EXERCISE PROMPT ::
Review the material and extract every line in which the word "also" occurs.

DATASET EXCERPTS ::

lemma has_derivative_push:
  fixes f :: "'a::euclidean_space \<Rightarrow> 'b::euclidean_space"
  assumes U: "open U" and f: "smooth_on U f" and B: "smooth_on U B" and x: "x \<in> U"
  shows "(push f B has_derivative
      (\<lambda>u. second_derivative f x u (B x) + frechet_derivative f (at x) (frechet_derivative B (at x) u))) (at x)"
proof -
  have hd: "((\<lambda>y. \<Sum>i\<in>Basis. (B y \<bullet> i) *\<^sub>R frechet_derivative f (at y) i) has_derivative
      (\<lambda>u. \<Sum>i\<in>Basis. (B x \<bullet> i) *\<^sub>R second_derivative f x u i
        + (frechet_derivative B (at x) u \<bullet> i) *\<^sub>R frechet_derivative f (at x) i)) (at x)"
    by (intro has_derivative_sum has_derivative_scaleR has_derivative_frechet_derivative_apply[OF U f x]
        has_derivative_inner_left smooth_on_has_derivative[OF U B x])
  have eq: "push f B y = (\<Sum>i\<in>Basis. (B y \<bullet> i) *\<^sub>R frechet_derivative f (at y) i)" if "y \<in> U" for y
    unfolding push_def by (rule linear_eq_sum_Basis[OF smooth_on_linear_frechet_derivative[OF U f that]])
  have "(\<lambda>u. \<Sum>i\<in>Basis. (B x \<bullet> i) *\<^sub>R second_derivative f x u i
        + (frechet_derivative B (at x) u \<bullet> i) *\<^sub>R frechet_derivative f (at x) i)
      = (\<lambda>u. second_derivative f x u (B x) + frechet_derivative f (at x) (frechet_derivative B (at x) u))"
  proof
    fix u
    show "(\<Sum>i\<in>Basis. (B x \<bullet> i) *\<^sub>R second_derivative f x u i
        + (frechet_derivative B (at x) u \<bullet> i) *\<^sub>R frechet_derivative f (at x) i)
      = second_derivative f x u (B x) + frechet_derivative f (at x) (frechet_derivative B (at x) u)"
      unfolding sum.distrib second_derivative_eq_sum_Basis[OF U f x, of u "B x"]
        linear_eq_sum_Basis[OF smooth_on_linear_frechet_derivative[OF U f x], of "frechet_derivative B (at x) u"] ..
  qed
  with has_derivative_transform_within_open[OF hd U x, of "push f B"] eq show ?thesis by auto
qed

lemma dd_push:
  fixes f :: "'a::euclidean_space \<Rightarrow> 'b::euclidean_space"
  assumes "open U" "smooth_on U f" "smooth_on U B" "x \<in> U"
  shows "dd (push f B) A x = second_derivative f x (A x) (B x) + frechet_derivative f (at x) (dd B A x)"
  unfolding dd_def frechet_derivative_at[OF has_derivative_push[OF assms], symmetric] ..

lemma mean_value_inner_line:
  fixes k :: "'a::real_normed_vector \<Rightarrow> 'b::real_inner"
  assumes s: "0 < s" and hd: "\<And>t. 0 \<le> t \<Longrightarrow> t \<le> s \<Longrightarrow> (k has_derivative K t) (at (p + t *\<^sub>R q))"
  shows "\<exists>t\<in>{0<..<s}. (k (p + s *\<^sub>R q) - k p) \<bullet> w = s * (K t q \<bullet> w)"
proof -
  have "\<exists>t\<in>{0<..<s}. k (p + s *\<^sub>R q) \<bullet> w - k (p + 0 *\<^sub>R q) \<bullet> w = K t ((s - 0) *\<^sub>R q) \<bullet> w"
  proof (rule mvt_simple[OF s])
    fix t assume t: "0 \<le> t" "t \<le> s"
    have "((\<lambda>t. p + t *\<^sub>R q) has_derivative (\<lambda>d. d *\<^sub>R q)) (at t within {0..s})"
      by (intro derivative_eq_intros) auto
    from has_derivative_inner_left[OF has_derivative_compose[OF this hd[OF t]]]
    show "((\<lambda>t. k (p + t *\<^sub>R q) \<bullet> w) has_derivative (\<lambda>d. K t (d *\<^sub>R q) \<bullet> w)) (at t within {0..s})" .
  qed
  moreover have "K t (s *\<^sub>R q) = s *\<^sub>R K t q" if "t \<in> {0<..<s}" for t
    using has_derivative_linear[OF hd] that by (simp add: linear_scale)
  ultimately show ?thesis by (auto simp: inner_diff_left)
qed

lemma dist_add_scaleR_le:
  fixes x u v :: "'a::real_normed_vector"
  assumes "0 \<le> t" "t \<le> s" "0 \<le> r" "r \<le> s"
  shows "dist (x + t *\<^sub>R u + r *\<^sub>R v) x \<le> s * (norm u + norm v)"
proof -
  have "dist (x + t *\<^sub>R u + r *\<^sub>R v) x \<le> norm (t *\<^sub>R u) + norm (r *\<^sub>R v)"
    unfolding dist_norm by (simp add: norm_triangle_ineq del: norm_scaleR)
  also have "\<dots> \<le> s * norm u + s * norm v"
    using assms by (simp add: add_mono mult_right_mono)
  finally show ?thesis by (simp add: distrib_left)
qed

lemma second_difference_mean_value:
  fixes h :: "'a::euclidean_space \<Rightarrow> 'b::euclidean_space"
  assumes U: "open U" and h: "smooth_on U h" and s: "0 < s"
    and cb: "cball x (s * (norm u + norm v)) \<subseteq> U"
  shows "\<exists>z. dist z x \<le> s * (norm u + norm v) \<and>
    (h (x + s *\<^sub>R u + s *\<^sub>R v) - h (x + s *\<^sub>R u) - h (x + s *\<^sub>R v) + h x) \<bullet> w
      = s\<^sup>2 * (second_derivative h z v u \<bullet> w)"
proof -
  have inU: "x + t *\<^sub>R u + r *\<^sub>R v \<in> U" if "0 \<le> t" "t \<le> s" "0 \<le> r" "r \<le> s" for t r
    using dist_add_scaleR_le[OF that, of x u v] cb by (auto simp: dist_commute subset_iff)
  define k where "k y = h (y + s *\<^sub>R v) - h y" for y
  have "\<exists>t\<in>{0<..<s}. (k (x + s *\<^sub>R u) - k x) \<bullet> w =
     s * ((frechet_derivative h (at (x + t *\<^sub>R u + s *\<^sub>R v)) u - frechet_derivative h (at (x + t *\<^sub>R u)) u) \<bullet> w)"
  proof (rule mean_value_inner_line[OF s, where K="\<lambda>t d. frechet_derivative h (at (x + t *\<^sub>R u + s *\<^sub>R v)) d
      - frechet_derivative h (at (x + t *\<^sub>R u)) d"])
    fix t assume t: "0 \<le> t" "t \<le> s"
    have "((\<lambda>y. y + s *\<^sub>R v) has_derivative (\<lambda>d. d)) (at (x + t *\<^sub>R u))"
      by (intro derivative_eq_intros) auto
    from has_derivative_compose[OF this smooth_on_has_derivative[OF U h inU[OF t, of s]]] s
      has_derivative_diff[OF _ smooth_on_has_derivative[OF U h inU[OF t, of 0]]]
    show "(k has_derivative (\<lambda>d. frechet_derivative h (at (x + t *\<^sub>R u + s *\<^sub>R v)) d
        - frechet_derivative h (at (x + t *\<^sub>R u)) d)) (at (x + t *\<^sub>R u))"
      unfolding k_def by simp
  qed
  then obtain t where t: "t \<in> {0<..<s}" and e1: "(k (x + s *\<^sub>R u) - k x) \<bullet> w =
     s * ((frechet_derivative h (at (x + t *\<^sub>R u + s *\<^sub>R v)) u - frechet_derivative h (at (x + t *\<^sub>R u)) u) \<bullet> w)"
    by blast
  have "\<exists>r\<in>{0<..<s}. (frechet_derivative h (at (x + t *\<^sub>R u + s *\<^sub>R v)) u
      - frechet_derivative h (at (x + t *\<^sub>R u)) u) \<bullet> w = s * (second_derivative h (x + t *\<^sub>R u + r *\<^sub>R v) v u \<bullet> w)"
    using mean_value_inner_line[OF s, of "\<lambda>y. frechet_derivative h (at y) u" "\<lambda>r d. second_derivative h (x + t *\<^sub>R u + r *\<^sub>R v) d u"]
      has_derivative_frechet_derivative_apply[OF U h inU] t by auto
  then obtain r where r: "r \<in> {0<..<s}" and e2: "(frechet_derivative h (at (x + t *\<^sub>R u + s *\<^sub>R v)) u
      - frechet_derivative h (at (x + t *\<^sub>R u)) u) \<bullet> w = s * (second_derivative h (x + t *\<^sub>R u + r *\<^sub>R v) v u \<bullet> w)"
    by blast
  have "h (x + s *\<^sub>R u + s *\<^sub>R v) - h (x + s *\<^sub>R u) - h (x + s *\<^sub>R v) + h x = k (x + s *\<^sub>R u) - k x"
    unfolding k_def by (simp add: algebra_simps)
  then show ?thesis
    using e1 e2 dist_add_scaleR_le[of t s r x u v] t r by (intro exI[of _ "x + t *\<^sub>R u + r *\<^sub>R v"]) (simp add: power2_eq_square)
qed

lemma continuous_on_eq_if_arbitrarily_close:
  fixes A B :: "'a::metric_space \<Rightarrow> 'b::metric_space"
  assumes "continuous_on U A" "continuous_on U B" "x \<in> U"
    and close: "\<And>e. 0 < e \<Longrightarrow> \<exists>z\<in>U. \<exists>z'\<in>U. dist z x < e \<and> dist z' x < e \<and> A z = B z'"
  shows "A x = B x"
proof (rule ccontr)
  assume "A x \<noteq> B x"
  then have d: "dist (A x) (B x) / 2 > 0" by simp
  obtain dA where dA: "dA > 0" "\<And>y. y \<in> U \<Longrightarrow> dist y x < dA \<Longrightarrow> dist (A y) (A x) < dist (A x) (B x) / 2"
    using assms(1,3) d unfolding continuous_on_iff by blast
  obtain dB where dB: "dB > 0" "\<And>y. y \<in> U \<Longrightarrow> dist y x < dB \<Longrightarrow> dist (B y) (B x) < dist (A x) (B x) / 2"
    using assms(2,3) d unfolding continuous_on_iff by blast
  obtain z z' where "z \<in> U" "z' \<in> U" "dist z x < min dA dB" "dist z' x < min dA dB" "A z = B z'"
    using close[of "min dA dB"] dA dB by auto
  then have "dist (A x) (B x) < dist (A x) (B x) / 2 + dist (A x) (B x) / 2"
    using dA(2)[of z] dB(2)[of z'] dist_triangle3[of "A x" "B x" "A z"] by (simp add: dist_commute)
  then show False by simp
qed

text \<open>The second difference is symmetric in \<open>u\<close> and \<open>v\<close>, so it equals \<open>s\<^sup>2\<close> times both
  mixed second derivatives at nearby points; continuity lets \<open>s \<rightarrow> 0\<close>.\<close>

lemma second_derivative_commute:
  fixes h :: "'a::euclidean_space \<Rightarrow> 'b::euclidean_space"
  assumes U: "open U" and h: "smooth_on U h" and x: "x \<in> U"
  shows "second_derivative h x u v = second_derivative h x v u"
proof -
  define w where "w = second_derivative h x v u - second_derivative h x u v"
  define A where "A y = second_derivative h y v u \<bullet> w" for y
  define B where "B y = second_derivative h y u v \<bullet> w" for y
  have "continuous_on U A" "continuous_on U B"
    unfolding A_def B_def
    by (intro continuous_on_inner continuous_on_const differentiable_imp_continuous_on
        smooth_onD(1)[OF smooth_on_second_derivative[OF h]])+
  moreover have "\<exists>z\<in>U. \<exists>z'\<in>U. dist z x < e \<and> dist z' x < e \<and> A z = B z'" if e: "0 < e" for e
  proof -
    obtain e0 where e0: "e0 > 0" "cball x e0 \<subseteq> U" using open_contains_cball U x by blast
    define s where "s = min e e0 / (norm u + norm v + 1)"
    have n: "norm u + norm v + 1 > 0" by (simp add: add_nonneg_pos)
    then have s0: "0 < s" unfolding s_def using e e0 by simp
    then have "s * (norm u + norm v) < s * (norm u + norm v + 1)" by simp
    also have "\<dots> = min e e0" unfolding s_def using n by simp
    finally have s: "0 < s" "s * (norm u + norm v) < min e e0" using s0 by auto
    then have cb: "cball x (s * (norm u + norm v)) \<subseteq> U" "cball x (s * (norm v + norm u)) \<subseteq> U"
      using e0 by (auto simp: add.commute intro!: order.trans[OF subset_cball])
    obtain z where z: "dist z x \<le> s * (norm u + norm v)"
      "(h (x + s *\<^sub>R u + s *\<^sub>R v) - h (x + s *\<^sub>R u) - h (x + s *\<^sub>R v) + h x) \<bullet> w = s\<^sup>2 * A z"
      using second_difference_mean_value[OF U h s(1) cb(1)] unfolding A_def by blast
    obtain z' where z': "dist z' x \<le> s * (norm v + norm u)"
      "(h (x + s *\<^sub>R v + s *\<^sub>R u) - h (x + s *\<^sub>R v) - h (x + s *\<^sub>R u) + h x) \<bullet> w = s\<^sup>2 * B z'"
      using second_difference_mean_value[OF U h s(1) cb(2)] unfolding B_def by blast
    have "A z = B z'"
      using z(2) z'(2) s(1) by (simp add: algebra_simps)
    moreover have "z \<in> U" "z' \<in> U"
      using z(1) z'(1) cb by (auto simp: dist_commute subset_iff)
    ultimately show ?thesis
      using z(1) z'(1) s(2) by (intro bexI[of _ z] bexI[of _ z']) (auto simp: add.commute)
  qed
  ultimately have "A x = B x" by (rule continuous_on_eq_if_arbitrarily_close[OF _ _ x])
  then have "w \<bullet> w = 0" unfolding A_def B_def w_def by (simp add: inner_diff_left)
  then show ?thesis unfolding w_def by simp
qed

EXERCISE RESULT ::
  also have "\<dots> \<le> s * norm u + s * norm v"
    also have "\<dots> = min e e0" unfolding s_def using n by simp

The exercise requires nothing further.